Why are we so focused on volume? 

During board meetings, I would sit down with my CMO, and we'd spend more time looking at the flow and volume of MQLs than the ratios. 

"Why is lead flow going down?" we'd be asked at board meetings.

Covid or not...

Lead flow going down is a good thing, if the answer is a thinner funnel.

In other words...

Lead flow going down is a good thing, if the answer is winning faster, and just as importantly, losing faster.

Covid has created a bit of a qualification problem. There seems to be, from an outsider's perspective, less learnings around when we lose and why we lose being shared. We keep pursuing the same account profiles, keep experiencing the same wasted time and mistakes, and as a result...

...the funnel is too wide at the top, causing what flows out the bottom to flow more slowly. Losing slowly is not sustainable today or going forward. 
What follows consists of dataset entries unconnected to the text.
(* Let $u\in\mathbb{Z}^2$, $d\ge0$ and let $\Psi\subset\mathbb{Z}^2$ be a random set. Let $E$ be the event that there is a $\boxtimes$-path in $\mathbb{Z}^2\setminus\Psi$ starting at $u$ and ending at some $v$ with $\|v-u\|_\infty\ge d$. Then $$\mathbb{P}(E)\le\Big(\frac{\mathfrak p(\Psi)}{\varepsilon_0}\Big)^{1+d}.$$
   Context: $\varepsilon_0=1/21$. $\square$-adjacency on $\mathbb{Z}^2$: $\|u-v\|_1=1$; $\boxtimes$-adjacency: $\|u-v\|_\infty=1$. A random set $B\subset\mathbb{Z}^2$ on a probability space $(\cdot,\mathbb{P})$ is $\varepsilon$-rare if $\mathbb{P}(A\subset B)\le\varepsilon^{\#A}$ for every finite $A$. A random set $\Psi\subset\mathbb{Z}^2$ is $\varepsilon$-strongly percolating if either $\varepsilon\ge\varepsilon_0$ or there is an $\varepsilon$-rare random set $B$ on the same probability space such that $\Psi$ almost surely contains an infinite $\square$-connected component of $\mathbb{Z}^2\setminus B$. $\mathfrak p(\Psi)=\inf\{\varepsilon\ge0:\Psi\text{ is }\varepsilon\text{-strongly percolating}\}$. *)

theory Defs
  imports "HOL-Probability.Probability"
begin

type_synonym pt = "int \<times> int"

definition eps0 :: real where "eps0 = 1 / 21"

definition norm1 :: "pt \<Rightarrow> int" where
  "norm1 z = \<bar>fst z\<bar> + \<bar>snd z\<bar>"

definition normInf :: "pt \<Rightarrow> int" where
  "normInf z = max \<bar>fst z\<bar> \<bar>snd z\<bar>"

definition sq_adj :: "pt \<Rightarrow> pt \<Rightarrow> bool" where
  "sq_adj u v \<longleftrightarrow> norm1 (u - v) = 1"

definition bx_adj :: "pt \<Rightarrow> pt \<Rightarrow> bool" where
  "bx_adj u v \<longleftrightarrow> normInf (u - v) = 1"

definition component :: "(pt \<Rightarrow> pt \<Rightarrow> bool) \<Rightarrow> pt set \<Rightarrow> pt \<Rightarrow> pt set" where
  "component adj S x = {y. (\<lambda>a b. a \<in> S \<and> b \<in> S \<and> adj a b)\<^sup>*\<^sup>* x y}"

definition random_set :: "'a measure \<Rightarrow> ('a \<Rightarrow> pt set) \<Rightarrow> bool" where
  "random_set M B \<longleftrightarrow> (\<forall>z. {\<omega> \<in> space M. z \<in> B \<omega>} \<in> sets M)"

definition rare :: "'a measure \<Rightarrow> real \<Rightarrow> ('a \<Rightarrow> pt set) \<Rightarrow> bool" where
  "rare M \<epsilon> B \<longleftrightarrow> random_set M B \<and>
     (\<forall>A. finite A \<longrightarrow> measure M {\<omega> \<in> space M. A \<subseteq> B \<omega>} \<le> \<epsilon> ^ card A)"

definition strongly_percolating :: "'a measure \<Rightarrow> real \<Rightarrow> ('a \<Rightarrow> pt set) \<Rightarrow> bool" where
  "strongly_percolating M \<epsilon> \<Psi> \<longleftrightarrow> \<epsilon> \<ge> eps0 \<or>
     (\<exists>B. rare M \<epsilon> B \<and>
        (AE \<omega> in M. \<exists>x. x \<notin> B \<omega> \<and> infinite (component sq_adj (- B \<omega>) x)
                      \<and> component sq_adj (- B \<omega>) x \<subseteq> \<Psi> \<omega>))"

definition perc :: "'a measure \<Rightarrow> ('a \<Rightarrow> pt set) \<Rightarrow> real" where
  "perc M \<Psi> = Inf {\<epsilon>. \<epsilon> \<ge> 0 \<and> strongly_percolating M \<epsilon> \<Psi>}"

definition bx_path_avoiding :: "pt set \<Rightarrow> pt list \<Rightarrow> bool" where
  "bx_path_avoiding S p \<longleftrightarrow> p \<noteq> [] \<and> (\<forall>z\<in>set p. z \<notin> S) \<and> successively bx_adj p"

end

theory Submission
  imports Defs
begin

text \<open>If some \<open>\<boxtimes>\<close>-path avoiding \<open>\<Psi>\<close> leads from \<open>u\<close> to distance \<open>d\<close>, look at an infinite
  \<open>\<square>\<close>-cluster \<open>C \<subseteq> \<Psi>\<close> of the complement of an \<open>\<epsilon>\<close>-rare set \<open>B\<close>. The \<open>\<boxtimes>\<close>-component of
  \<open>u\<close> in the complement of \<open>C\<close> (the hole) contains the path, and its outer boundary (hole points
  \<open>\<square>\<close>-adjacent to \<open>C\<close>) lies in \<open>B\<close> and is \<open>\<boxtimes>\<close>-connected, by unicoherence of the plane
  applied to the unions of unit squares of the hole and of its complement. The boundary is at
  least as wide as the hole, so it contains a self-avoiding \<open>\<boxtimes>\<close>-walk of \<open>L \<ge> d\<close> steps
  starting at distance at most \<open>L\<close> from \<open>u\<close>. A union bound over the start point and the
  \<open>8\<^sup>L\<close> walks gives probability at most \<open>(21 \<epsilon>) ^ (1 + \<lceil>d\<rceil>)\<close>; then let \<open>\<epsilon>\<close> decrease
  to \<open>perc M \<Psi>\<close>.\<close>

lemma sq_adj_sym: "sq_adj a b \<Longrightarrow> sq_adj b a"
  by (auto simp: sq_adj_def norm1_def)

lemma bx_adj_sym: "bx_adj a b \<Longrightarrow> bx_adj b a"
  by (auto simp: bx_adj_def normInf_def)

lemma sq_adj_imp_bx_adj: "sq_adj a b \<Longrightarrow> bx_adj a b"
  by (auto simp: sq_adj_def bx_adj_def norm1_def normInf_def)

lemma normInf_nonneg: "normInf z \<ge> 0"
  by (auto simp: normInf_def)

lemma normInf_eq_0_iff: "normInf z = 0 \<longleftrightarrow> z = 0"
  by (cases z) (auto simp: normInf_def max_def zero_prod_def)

lemma normInf_diff_commute: "normInf (a - b) = normInf (b - a)"
  by (auto simp: normInf_def)

lemma normInf_diff_triangle: "normInf (a - c) \<le> normInf (a - b) + normInf (b - c)"
  by (auto simp: normInf_def)

lemma bx_adj_iff_normInf: "bx_adj a b \<longleftrightarrow> a \<noteq> b \<and> normInf (a - b) \<le> 1"
  using normInf_nonneg[of "a - b"] normInf_eq_0_iff[of "a - b"] by (auto simp: bx_adj_def)

lemma finite_normInf_ball: "finite {z. normInf (z - u) \<le> R}"
proof (rule finite_subset)
  show "{z. normInf (z - u) \<le> R} \<subseteq> {fst u - R .. fst u + R} \<times> {snd u - R .. snd u + R}"
    by (auto simp: normInf_def)
qed auto

lemma card_normInf_sphere: "card {r. normInf (r - u) = int j} \<le> 8 * j + 1"
proof -
  define box where "box i = {fst u - int i .. fst u + int i} \<times> {snd u - int i .. snd u + int i}" for i
  have box_finite: "finite (box i)" for i
    unfolding box_def by simp
  have card_box: "card (box i) = (2 * i + 1) * (2 * i + 1)" for i
  proof -
    have "card {c - int i .. c + int i} = 2 * i + 1" for c :: int
      using nat_int[of "2 * i + 1"] by simp
    then show ?thesis
      unfolding box_def card_cartesian_product by simp
  qed
  have "{r. normInf (r - u) = int j} \<subseteq> box j"
    unfolding box_def by (auto simp: normInf_def)
  show ?thesis
  proof (cases j)
    case 0
    then show ?thesis
      using card_mono[OF box_finite \<open>_ \<subseteq> box j\<close>] card_box[of j] by simp
  next
    case (Suc i)
    have sphere: "{r. normInf (r - u) = int j} \<subseteq> box j - box i"
      unfolding box_def Suc by (auto simp: normInf_def)
    have "box i \<subseteq> box j"
      unfolding box_def Suc by auto
    then have "card (box j - box i) = 8 * j"
      using card_Diff_subset[OF box_finite] card_box unfolding Suc by (simp add: algebra_simps)
    then show ?thesis
      using card_mono[OF _ sphere] box_finite by fastforce
  qed
qed

lemma finite_bx_neighbours: "finite {s. bx_adj r s}"
  and card_bx_neighbours: "card {s. bx_adj r s} \<le> 8"
proof -
  define A where "A = {fst r - 1 .. fst r + 1} \<times> {snd r - 1 .. snd r + 1}"
  have nbrs: "{s. bx_adj r s} \<subseteq> A - {r}"
    unfolding A_def by (auto simp: bx_adj_def normInf_def)
  have "r \<in> A" "finite A" "card A = 9"
    unfolding A_def by (cases r; simp add: card_cartesian_product)+
  then have "finite (A - {r})" "card (A - {r}) = 8"
    by simp_all
  then show "finite {s. bx_adj r s}" "card {s. bx_adj r s} \<le> 8"
    using finite_subset[OF nbrs] card_mono[OF _ nbrs] by auto
qed

lemma sq_adj_connected: "sq_adj\<^sup>*\<^sup>* z w"
proof -
  have "sq_adj\<^sup>*\<^sup>* z w" if "norm1 (w - z) = int n" for n z w
    using that
  proof (induction n arbitrary: z)
    case 0
    then have "z = w"
      by (auto simp: norm1_def prod_eq_iff)
    then show ?case
      by simp
  next
    case (Suc n)
    define z' where "z' = (if fst w \<noteq> fst z then z + (sgn (fst w - fst z), 0)
                                               else z + (0, sgn (snd w - snd z)))"
    have "sq_adj z z'" "norm1 (w - z') = int n"
      using Suc.prems by (auto simp: z'_def sq_adj_def norm1_def sgn_if)
    then show ?case
      using Suc.IH converse_rtranclp_into_rtranclp by metis
  qed
  moreover have "norm1 (w - z) = int (nat (norm1 (w - z)))"
    by (simp add: norm1_def)
  ultimately show ?thesis
    by blast
qed

lemma component_refl: "x \<in> component adj S x"
  by (simp add: component_def)

lemma component_subset: "x \<in> S \<Longrightarrow> component adj S x \<subseteq> S"
proof
  fix y
  assume "x \<in> S" "y \<in> component adj S x"
  then have "(\<lambda>a b. a \<in> S \<and> b \<in> S \<and> adj a b)\<^sup>*\<^sup>* x y" "x \<in> S"
    by (simp_all add: component_def)
  then show "y \<in> S"
    by (induction rule: rtranclp_induct) auto
qed

lemma component_step:
  "y \<in> component adj S x \<Longrightarrow> x \<in> S \<Longrightarrow> z \<in> S \<Longrightarrow> adj y z \<Longrightarrow> z \<in> component adj S x"
  using component_subset[of x S adj] unfolding component_def
  by (auto intro: rtranclp.rtrancl_into_rtrancl)

lemma component_rtranclp:
  assumes "y \<in> component adj S x" "x \<in> S"
  shows "(\<lambda>a b. a \<in> component adj S x \<and> b \<in> component adj S x \<and> adj a b)\<^sup>*\<^sup>* x y"
proof -
  have "(\<lambda>a b. a \<in> S \<and> b \<in> S \<and> adj a b)\<^sup>*\<^sup>* x y"
    using assms(1) by (simp add: component_def)
  then show ?thesis
  proof (induction rule: rtranclp_induct)
    case (step y z)
    then have "y \<in> component adj S x" "z \<in> component adj S x"
      unfolding component_def by (auto intro: rtranclp.rtrancl_into_rtrancl)
    with step show ?case
      by (auto intro: rtranclp.rtrancl_into_rtrancl)
  qed simp
qed

lemma rtranclp_sym: "(\<And>a b. R a b \<Longrightarrow> R b a) \<Longrightarrow> R\<^sup>*\<^sup>* x y \<Longrightarrow> R\<^sup>*\<^sup>* y x"
  by (metis sympD sympI symp_rtranclp)

lemma rtranclp_first_entry:
  assumes "R\<^sup>*\<^sup>* a b" "a \<notin> C" "b \<in> C"
  shows "\<exists>p q. p \<notin> C \<and> q \<in> C \<and> R p q \<and> (\<lambda>x y. x \<notin> C \<and> y \<notin> C \<and> R x y)\<^sup>*\<^sup>* a p"
  using assms
proof (induction rule: converse_rtranclp_induct)
  case (step a a')
  show ?case
  proof (cases "a' \<in> C")
    case False
    with step obtain p q where "p \<notin> C" "q \<in> C" "R p q"
      and "(\<lambda>x y. x \<notin> C \<and> y \<notin> C \<and> R x y)\<^sup>*\<^sup>* a' p"
      by blast
    with step False show ?thesis
      by (blast intro: converse_rtranclp_into_rtranclp)
  qed (use step in blast)
qed simp

lemma rtranclp_restricted_imp_path:
  assumes "(\<lambda>x y. x \<in> A \<and> y \<in> A \<and> R x y)\<^sup>*\<^sup>* a b" "a \<in> A"
  shows "\<exists>q. q \<noteq> [] \<and> hd q = a \<and> last q = b \<and> set q \<subseteq> A \<and> successively R q"
  using assms
proof (induction rule: rtranclp_induct)
  case base
  then show ?case
    by (intro exI[of _ "[a]"]) simp
next
  case (step b c)
  then obtain q where "q \<noteq> []" "hd q = a" "last q = b" "set q \<subseteq> A" "successively R q"
    by blast
  with step show ?case
    by (intro exI[of _ "q @ [c]"]) (auto simp: successively_append_iff)
qed

lemma successively_remove_loops:
  assumes "successively R q" "q \<noteq> []"
  shows "\<exists>q'. successively R q' \<and> q' \<noteq> [] \<and> hd q' = hd q \<and> last q' = last q
              \<and> distinct q' \<and> set q' \<subseteq> set q"
  using assms
proof (induction "length q" arbitrary: q rule: less_induct)
  case less
  show ?case
  proof (cases "distinct q")
    case False
    then obtain xs ys zs y where q: "q = xs @ [y] @ ys @ [y] @ zs"
      using not_distinct_decomp by blast
    define q1 where "q1 = xs @ [y] @ zs"
    have "successively R ((xs @ [y]) @ ys @ [y] @ zs)" "successively R ((xs @ y # ys) @ y # zs)"
      using less.prems(1) q by simp_all
    then have "successively R (xs @ [y])" "successively R (y # zs)"
      unfolding successively_append_iff by blast+
    then have "successively R q1"
      unfolding q1_def by (auto simp: successively_append_iff successively_Cons)
    moreover have "q1 \<noteq> []" "length q1 < length q"
      unfolding q1_def q by simp_all
    ultimately obtain q' where "successively R q'" "q' \<noteq> []" "hd q' = hd q1" "last q' = last q1"
      "distinct q'" "set q' \<subseteq> set q1"
      using less.hyps by blast
    moreover have "hd q1 = hd q"
      unfolding q1_def q by (cases xs) simp_all
    moreover have "last q1 = last q"
      unfolding q1_def q by (cases zs) simp_all
    moreover have "set q1 \<subseteq> set q"
      unfolding q1_def q by auto
    ultimately show ?thesis
      by (intro exI[of _ q']) auto
  qed (use less.prems in blast)
qed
How can marketing serve as the function of honing in the firmographic and demographic focus?

How can marketing curate reviews and feedback to inform transparent messaging, so that organizations...




And, can organizations, both sales & marketing, make the metric of "time to loss" a new KPI?

There you have rant. 

What do you think? What am I getting wrong? What am I getting right? What am I missing?